Operations/Maintenance
1. How
do you control the velocity of the tool traveling up the well bore?
There are two ways
to control the upward velocity of the tool:
a)
Restrict the well flow rate at the surface by choking the well back;
b) Longer flow time4s between cycles that will build a higher hydrostatic
column. The tool will lift more fluid in the process.
2. How
fast will the tool travel up the we llbore and still be efficient?

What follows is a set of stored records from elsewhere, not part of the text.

(* Let $p$ be an odd prime and $\lambda=(\lambda_1,\dots,\lambda_r)$ a BG-partition, and let $k=k(\lambda)$. Then the partition $\mu=(\lambda_1,\lambda_2,\dots,\lambda_k)$ is $p$-regular.
   Context: For a partition $\lambda$ (weakly decreasing sequence of positive integers), $\lambda'$ is its conjugate and $\lambda$ is self-conjugate if $\lambda=\lambda'$. $k(\lambda)=\max\{i:\lambda_i\ge i\}$. The hook length at $(i,j)$ is $h_{ij}=\lambda_i+\lambda'_j-i-j+1$. A BG-partition is a self-conjugate partition with $p\nmid h_{ii}$ for all $1\le i\le k(\lambda)$. A partition is $p$-regular if no nonzero part appears $p$ or more times. *)

theory Defs
  imports "HOL-Computational_Algebra.Primes"
begin

text \<open>Partitions are lists of positive naturals in weakly decreasing order;
  parts are indexed from 1, and parts beyond the length are 0.\<close>

definition is_partition :: "nat list \<Rightarrow> bool" where
  "is_partition l \<longleftrightarrow> sorted_wrt (\<ge>) l \<and> (\<forall>x\<in>set l. 0 < x)"

definition part :: "nat list \<Rightarrow> nat \<Rightarrow> nat" where
  "part l i = (if 1 \<le> i \<and> i \<le> length l then l ! (i - 1) else 0)"

definition conjugate :: "nat list \<Rightarrow> nat list" where
  "conjugate l = map (\<lambda>j. length (filter (\<lambda>x. j \<le> x) l)) [1..<Suc (fold max l 0)]"

definition self_conjugate :: "nat list \<Rightarrow> bool" where
  "self_conjugate l \<longleftrightarrow> conjugate l = l"

definition kpart :: "nat list \<Rightarrow> nat" where
  "kpart l = Max ({0} \<union> {i. 1 \<le> i \<and> i \<le> length l \<and> i \<le> part l i})"

definition hook :: "nat list \<Rightarrow> nat \<Rightarrow> nat \<Rightarrow> int" where
  "hook l i j = int (part l i) + int (part (conjugate l) j) - int i - int j + 1"

definition BG_partition :: "nat \<Rightarrow> nat list \<Rightarrow> bool" where
  "BG_partition p l \<longleftrightarrow> is_partition l \<and> self_conjugate l \<and>
     (\<forall>i. 1 \<le> i \<and> i \<le> kpart l \<longrightarrow> \<not> int p dvd hook l i i)"

definition p_regular :: "nat \<Rightarrow> nat list \<Rightarrow> bool" where
  "p_regular p l \<longleftrightarrow> (\<forall>x. 0 < x \<longrightarrow> count_list l x < p)"

end

theory Submission
  imports Defs
begin

text \<open>For a self-conjugate partition the diagonal hook lengths are \<open>2\<lambda>\<^sub>i - 2i + 1\<close>.
  If some part \<open>x\<close> occurred \<open>p\<close> times among \<open>\<lambda>\<^sub>1, \<dots>, \<lambda>\<^sub>k\<close>, it would occupy \<open>p\<close>
  consecutive diagonal positions \<open>i\<close>, and as \<open>2\<close> is invertible modulo the odd
  number \<open>p\<close>, the values \<open>2x - 2i + 1\<close> would run through all residues modulo \<open>p\<close>;
  one of these hook lengths would then be divisible by \<open>p\<close>.\<close>

lemma kpart_le_length: "kpart l \<le> length l"
proof -
  let ?A = "{0} \<union> {i. 1 \<le> i \<and> i \<le> length l \<and> i \<le> part l i}"
  have "?A \<subseteq> {..length l}" by auto
  moreover from this have "Max ?A \<in> ?A"
    by (intro Max_in) (auto intro: finite_subset)
  ultimately show ?thesis unfolding kpart_def by blast
qed

lemma hook_diag_self_conjugate:
  assumes "self_conjugate l"
  shows "hook l i i = 2 * int (part l i) - 2 * int i + 1"
  using assms unfolding self_conjugate_def hook_def by simp

lemma odd_dvd_sub_double:
  fixes p :: nat and c :: int
  assumes "odd p"
  obtains r where "r < p" "int p dvd c - 2 * int r"
proof -
  obtain m where p: "p = 2 * m + 1" using assms oddE by blast
  \<comment> \<open>\<open>m + 1\<close> is the inverse of \<open>2\<close> modulo \<open>p\<close>\<close>
  define r where "r = nat (c * (int m + 1) mod int p)"
  have "r < p" using p unfolding r_def by (simp add: nat_less_iff)
  moreover have "int p dvd c - 2 * int r"
  proof -
    define q where "q = c * (int m + 1) div int p"
    have "int r = c * (int m + 1) mod int p"
      using p unfolding r_def by simp
    then have "int r = c * (int m + 1) - q * int p"
      unfolding q_def by (simp add: minus_div_mult_eq_mod)
    then have "c - 2 * int r = int p * (2 * q - c)"
      using p by (simp add: algebra_simps)
    then show ?thesis by simp
  qed
  ultimately show ?thesis using that by blast
qed

lemma sorted_wrt_ge_occurrences_consecutive:
  fixes xs :: "'a :: linorder list"
  assumes "sorted_wrt (\<ge>) xs"
  obtains a where "a + count_list xs x \<le> length xs"
    and "\<And>i. a \<le> i \<Longrightarrow> i < a + count_list xs x \<Longrightarrow> xs ! i = x"
proof -
  define S where "S = {i. i < length xs \<and> xs ! i = x}"
  have count: "count_list xs x = card S"
    unfolding count_list_eq_length_filter length_filter_conv_card S_def by metis
  have "finite S" unfolding S_def by simp
  show ?thesis
  proof (cases "S = {}")
    case True
    then show ?thesis using that[of 0] count by simp
  next
    case False
    define a where "a = Min S"
    define b where "b = Max S"
    have aS: "a \<in> S" and bS: "b \<in> S"
      unfolding a_def b_def using \<open>finite S\<close> False by auto
    have "{a..b} \<subseteq> S"
    proof
      fix i assume i: "i \<in> {a..b}"
      with bS have "i < length xs" unfolding S_def by auto
      with i bS assms have "xs ! a \<ge> xs ! i" "xs ! i \<ge> xs ! b"
        unfolding S_def by (auto simp: sorted_wrt_iff_nth_less le_less)
      with aS bS \<open>i < length xs\<close> show "i \<in> S" unfolding S_def by auto
    qed
    moreover have "S \<subseteq> {a..b}"
      unfolding a_def b_def using \<open>finite S\<close> by auto
    ultimately have "S = {a..<b + 1}" by auto
    moreover have "a \<le> b" using \<open>S \<subseteq> {a..b}\<close> aS by auto
    ultimately have run: "a + count_list xs x = b + 1"
      unfolding count by simp
    show ?thesis
    proof (rule that)
      show "a + count_list xs x \<le> length xs" using run bS unfolding S_def by simp
      fix i assume "a \<le> i" "i < a + count_list xs x"
      with run \<open>S = {a..<b + 1}\<close> have "i \<in> S" by simp
      then show "xs ! i = x" unfolding S_def by simp
    qed
  qed
qed

theorem lemma3p18:
  fixes p :: nat and l :: "nat list"
  assumes "prime p" and "odd p" and "BG_partition p l"
  shows "p_regular p (take (kpart l) l)"
  unfolding p_regular_def
proof (intro allI impI, rule ccontr)
  fix x :: nat
  let ?k = "kpart l"
  assume "\<not> count_list (take ?k l) x < p"
  then have "p \<le> count_list (take ?k l) x" by simp
  have "sorted_wrt (\<ge>) (take ?k l)"
    using assms(3) by (simp add: BG_partition_def is_partition_def sorted_wrt_take)
  then obtain a where run: "a + count_list (take ?k l) x \<le> length (take ?k l)"
    and run_x: "\<And>i. a \<le> i \<Longrightarrow> i < a + count_list (take ?k l) x \<Longrightarrow> take ?k l ! i = x"
    using sorted_wrt_ge_occurrences_consecutive by blast
  obtain r where "r < p" and dvd: "int p dvd (2 * int x - 2 * int (a + 1) + 1) - 2 * int r"
    using odd_dvd_sub_double[OF assms(2)] .
  define j where "j = a + r + 1"
  have j: "1 \<le> j" "j \<le> ?k"
    using run \<open>r < p\<close> \<open>p \<le> count_list (take ?k l) x\<close> unfolding j_def by auto
  have "part l j = x"
    using run_x[of "a + r"] j kpart_le_length[of l] \<open>r < p\<close> \<open>p \<le> count_list (take ?k l) x\<close>
    unfolding part_def j_def by simp
  then have "hook l j j = 2 * int x - 2 * int (a + 1) + 1 - 2 * int r"
    using assms(3) by (simp add: BG_partition_def hook_diag_self_conjugate j_def)
  with dvd j show False using assms(3) unfolding BG_partition_def by auto
qed

end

The maximum effective velocity
for the tool travelling up the well bore ranges between 300-450 feet
per minute, subject to the individual well conditions. Exceeding the
optimal rate may cause some resonating and
become counter productive.
3. How does the tool stop at the bottom of the well?
Incorporated
into the design of the tool is a 3" polyurethane ball that
serves a number of purposes.
It acts as a valve creating a seal as the ball closes against the lower
mandrel of the tool at the time that it makes contact with the surface
of the casing stop. It also has the ability to absorb shock. The
poly ball between the seating surfaces of the tool and the casing stop
provides for an extremely good shock absorber. This is a key component
as casing stop bumper springs are inherently problematic. The presence
of fluids in the well bore between cycles also adds to the cushioning
effect slowing the tool as it drops through the fluid approaching the
stop.
4. How often do I have
to service the tool?
Of course the first answer is "every
well is different". However, preventative maintenance is
easily monitored through gas flow chart readings, fluid rates, and
travel times. If gas flow rates decrease or travel times increase,
the tool can be checked in the surface lubricator between cycles.

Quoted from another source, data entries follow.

lemma skellam_ge:
  assumes "b \<ge> 0" "a = b + real v"
  shows "exp (-4) / sqrt ((a + 1) * (b + 1)) \<le> skellam a b v"
proof -
  define k where "k = nat \<lfloor>b\<rfloor>"
  have mode: "v + k = nat \<lfloor>a\<rfloor>"
    unfolding k_def assms(2) using assms(1) by (simp add: nat_add_distrib)
  have "exp (-4) / sqrt ((a + 1) * (b + 1)) = exp (-2) / sqrt (a + 1) * (exp (-2) / sqrt (b + 1))"
    by (simp add: real_sqrt_mult flip: exp_add)
  also have "\<dots> \<le> poisson_weight a (v + k) * poisson_weight b k"
  proof (rule mult_mono)
    show "exp (-2) / sqrt (a + 1) \<le> poisson_weight a (v + k)"
      unfolding mode using assms by (intro poisson_weight_mode_ge) simp
    show "exp (-2) / sqrt (b + 1) \<le> poisson_weight b k"
      unfolding k_def using assms by (intro poisson_weight_mode_ge)
  qed (use assms in \<open>simp_all add: poisson_weight_nonneg\<close>)
  also have "\<dots> \<le> skellam a b v"
    unfolding skellam_def using assms
    by (intro sum_le_suminf[of _ "{k}", simplified] summable_skellam)
      (auto intro!: mult_nonneg_nonneg poisson_weight_nonneg)
  finally show ?thesis .
qed

lemma E_fun_sums_bessel_series:
  "(\<lambda>k. (lam / 2) ^ (v + 2 * k) / (fact k * fact (v + k))) sums E_fun v lam"
proof -
  define f where "f n = (if v \<le> n \<and> even (n - v)
      then lam ^ n / (2 ^ n * fact n) * real (n choose ((n - v) div 2)) else 0)" for n
  have "norm (f n) \<le> inverse (fact n) * \<bar>lam\<bar> ^ n" for n
  proof -
    have "norm (f n) \<le> \<bar>lam\<bar> ^ n / (2 ^ n * fact n) * real (n choose ((n - v) div 2))"
      by (simp add: f_def abs_mult power_abs)
    also have "\<dots> \<le> \<bar>lam\<bar> ^ n / (2 ^ n * fact n) * 2 ^ n"
      using binomial_le_pow2 of_nat_mono by (intro mult_left_mono) fastforce+
    also have "\<dots> = inverse (fact n) * \<bar>lam\<bar> ^ n"
      by (simp add: field_simps)
    finally show ?thesis .
  qed
  then have "summable f"
    by (intro summable_comparison_test[OF _ summable_exp]) auto
  then have "f sums E_fun v lam"
    unfolding E_fun_def f_def by (simp add: summable_sums)
  moreover have "f (v + 2 * k) = (lam / 2) ^ (v + 2 * k) / (fact k * fact (v + k))" for k
  proof -
    have "real ((v + 2 * k) choose k) = fact (v + 2 * k) / (fact k * fact (v + k))"
      by (subst binomial_fact) (auto simp: algebra_simps)
    then show ?thesis
      by (simp add: f_def power_divide)
  qed
  moreover have "f n = 0" if "n \<notin> range (\<lambda>k. v + 2 * k)" for n
  proof -
    have "\<not> (v \<le> n \<and> even (n - v))"
    proof
      assume "v \<le> n \<and> even (n - v)"
      then obtain k where "n = v + 2 * k"
        by (metis evenE le_add_diff_inverse)
      with that show False
        by auto
    qed
    then show ?thesis
      unfolding f_def by (rule if_not_P)
  qed
  ultimately show ?thesis
    by (subst (asm) sums_mono_reindex[symmetric, of "\<lambda>k. v + 2 * k"])
      (auto intro: strict_monoI)
qed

5. What is the maintenance
or replacement frequency of the seals?
In an oily gas well, seals will
last up to 3000 cycles in a typical 500 ft (150 m) well. At 2 cycles
per day, the seals can last up to 50 months.
In
a dry gas well that produces water and formation grit, seals will
wear more rapidly and last up to 1200 cycles in a shallow 2500 ft (800
m) well.
6. Can
I service the well during break up?
Yes. Since the tool rests on the
surface lubricator during cycles, easy access via a half ton truck
is all that is required.
7. Can the tool get
stuck or lodged in the casing? What procedures are used to correct
or prevent the tool from getting stuck or lodged?
There are three reasons the tool
might get stuck or lodged in the hole and all three reasons are ultimately
caused by a failure to form a complete positive seal against the casing
wall.
1. The first reason is sealing
element failure due to wear and tear. This failure is usually
gradual and can be prevented by monitoring the charts and tankage
for a drop in production rates and/or increase in cycle time. A quick
inspection of the sealing elements will confirm wear and tear. An
element change can be performed at the next optimal recovery.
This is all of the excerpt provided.